Some Democratic lawmakers Wednesday assailed a proposal to boost the use of telehealth as a giveaway to insurance companies, suggesting that the legislation violates oft-repeated pledges of House Republicans that they don’t want to pick “winners and losers” in the economy.
The GOP-controlled House is primed Thursday to pass the bill (HB 23), which is part of House Speaker Jose Oliva’s ambitious plans to overhaul the health-care system.
During a floor discussion Wednesday, Democrats were skeptical of the measure because it includes tax credits for the insurance industry. House Democrats twice tried to alter the $30 million in tax breaks, which they unsuccessfully argued would interfere with the free market.
Rep. Anna Eskamani, an Orlando Democrat who sponsored amendments that sought to alter the tax breaks, said she wanted to improve the bill by removing what she described as “corporate welfare.”
One amendment would have required the Legislature to revisit the tax breaks after five years.
“We can have some fiscal responsibility here. The corporate welfare component will still exist, but at the very least there is a timeline to it being eliminated and perhaps an evaluation to reassess,” she said.
But bill sponsor Clay Yarborough, R-Jacksonville called the tax breaks an “investment” that the state should make in telehealth services.
That amendment failed on a 70-41 vote.
Eskamani’s second amendment would have deleted the tax breaks from the bill altogether. It also was shot down after Yarborough described it as unfriendly.
Telehealth, a term insurance companies have coined, involves using the internet and other technology to provide services to patients remotely. Telehealth is not a type of health-care service but rather is a mode to deliver services.
In December 2016, the Agency for Health Care Administration issued the findings of a survey it helped conduct. The results showed that 45 percent of hospitals said they provided telehealth, while only 6 percent of practitioners, such as physicians, did.

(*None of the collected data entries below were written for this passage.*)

text \<open>
  Tableaux of size n+1 arise from those of size n by appending a last boundary step.  A south
  step adds an empty bottom row.  A west step adds a new leftmost column together with its
  inserted row, and the 1s of that column may go exactly into a nonempty set of rows that are
  unrestricted (no 0 has a 1 above it, and the diagonal cell of an inserted row is 1), the new
  inserted row included.  Afterwards a row is unrestricted iff it received a 1 or lies above
  every row that did.  Weighting a tableau with u unrestricted rows by y^u, its children
  therefore carry total weight 2y(1+y)^u, so the generating function satisfies
  A_{n+1}(y) = 2y A_n(1+y), i.e. A_n(y) = 2^n y(y+1)...(y+n-1); the same recursion with the
  number of rows as an extra factor gives 4 C_n(y) = 2^n n (2y+n-1) y(y+1)...(y+n-2).  At
  y = 1 there are 2^n n! tableaux with 2^n (n+1)!/4 rows in total.
\<close>

section \<open>Subsets of a finite set\<close>

lemma sum_power_card_Pow:
  fixes y :: "'a :: comm_semiring_1"
  assumes "finite A"
  shows "(\<Sum>X\<in>Pow A. y ^ card X) = (1 + y) ^ card A"
  using prod_add[OF assms, of "\<lambda>_. y" "\<lambda>_. 1"] by (simp add: add.commute)

lemma sum_power_card_not_preceded:
  fixes f :: "'a \<Rightarrow> 'b :: linorder" and y :: "'c :: comm_ring_1"
  assumes "finite F" and "inj_on f F"
  shows "(\<Sum>R\<in>Pow F - {{}}. y ^ card {x \<in> F. x \<in> R \<or> (\<forall>x'\<in>R. \<not> f x' < f x)})
           = y * (1 + y) ^ card F - y ^ Suc (card F)"
  using assms
proof (induction F rule: finite_ranking_induct[where f = f])
  case empty
  then show ?case by simp
next
  case (insert m S)
  show ?case
  proof (cases "m \<in> S")
    case True
    with insert show ?thesis by (simp add: insert_absorb)
  next
    case m_new: False
    let ?kept = "\<lambda>F R. {x \<in> F. x \<in> R \<or> (\<forall>x'\<in>R. \<not> f x' < f x)}"
    have below: "f x < f m" if "x \<in> S" for x
      using insert.hyps(2)[OF that] insert.prems that m_new
      by (metis inj_on_eq_iff insertCI order_le_less)
    have IH: "(\<Sum>R\<in>Pow S - {{}}. y ^ card (?kept S R)) = y * (1 + y) ^ card S - y ^ Suc (card S)"
      using insert.IH insert.prems by (simp add: inj_on_insert)
    have kept_old: "?kept (insert m S) R = ?kept S R" if "R \<in> Pow S - {{}}" for R
      using that below m_new by fastforce
    have card_new: "card (?kept (insert m S) (insert m R)) = Suc (card (?kept S R))"
      if "R \<in> Pow S" for R
    proof -
      have "?kept (insert m S) (insert m R) = insert m (?kept S R)"
        using that below by fastforce
      then show ?thesis
        using insert.hyps(1) m_new by simp
    qed
    have split: "Pow (insert m S) - {{}} = (Pow S - {{}}) \<union> insert m ` Pow S"
      by (auto simp: Pow_insert)
    have "(\<Sum>R\<in>Pow (insert m S) - {{}}. y ^ card (?kept (insert m S) R))
        = (\<Sum>R\<in>Pow S - {{}}. y ^ card (?kept (insert m S) R))
          + (\<Sum>R\<in>insert m ` Pow S. y ^ card (?kept (insert m S) R))"
      unfolding split using insert.hyps(1) m_new by (intro sum.union_disjoint) auto
    also have "(\<Sum>R\<in>insert m ` Pow S. y ^ card (?kept (insert m S) R))
        = (\<Sum>R\<in>Pow S. y ^ card (?kept (insert m S) (insert m R)))"
      using m_new by (intro sum.reindex_cong[of "insert m"]) (auto simp: inj_on_def)
    also have "\<dots> = (\<Sum>R\<in>Pow S. y * y ^ card (?kept S R))"
      using card_new by (intro sum.cong) simp_all
    also have "(\<Sum>R\<in>Pow S - {{}}. y ^ card (?kept (insert m S) R))
        = (\<Sum>R\<in>Pow S - {{}}. y ^ card (?kept S R))"
      using kept_old by (intro sum.cong) simp_all
    also have "Pow S = insert {} (Pow S - {{}})" by blast
    finally show ?thesis
      using insert.hyps(1) m_new
      by (simp add: IH sum.insert_remove sum_distrib_left[symmetric] algebra_simps)
  qed
qed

A state-created task force submitted a report in October 2017 recommending ways to jump-start telehealth. Chief among those recommendations was a requirement that insurance companies reimburse physicians for telehealth services.
A key issue is whether physicians will get reimbursed the same amounts for telehealth services as they get for providing in-person services --- a concept known as “parity.”
The House doesn’t contain a parity requirement. But physician groups argue such a requirement is needed.
“We absolutely need to make sure that the providers of the service get paid for it so we can continue to expand it,” Florida Medical Association President Corey Howard, a Naples physician, said earlier in the legislative session.
A Senate version of the telehealth bill includes a parity requirement but doesn’t contain the tax breaks.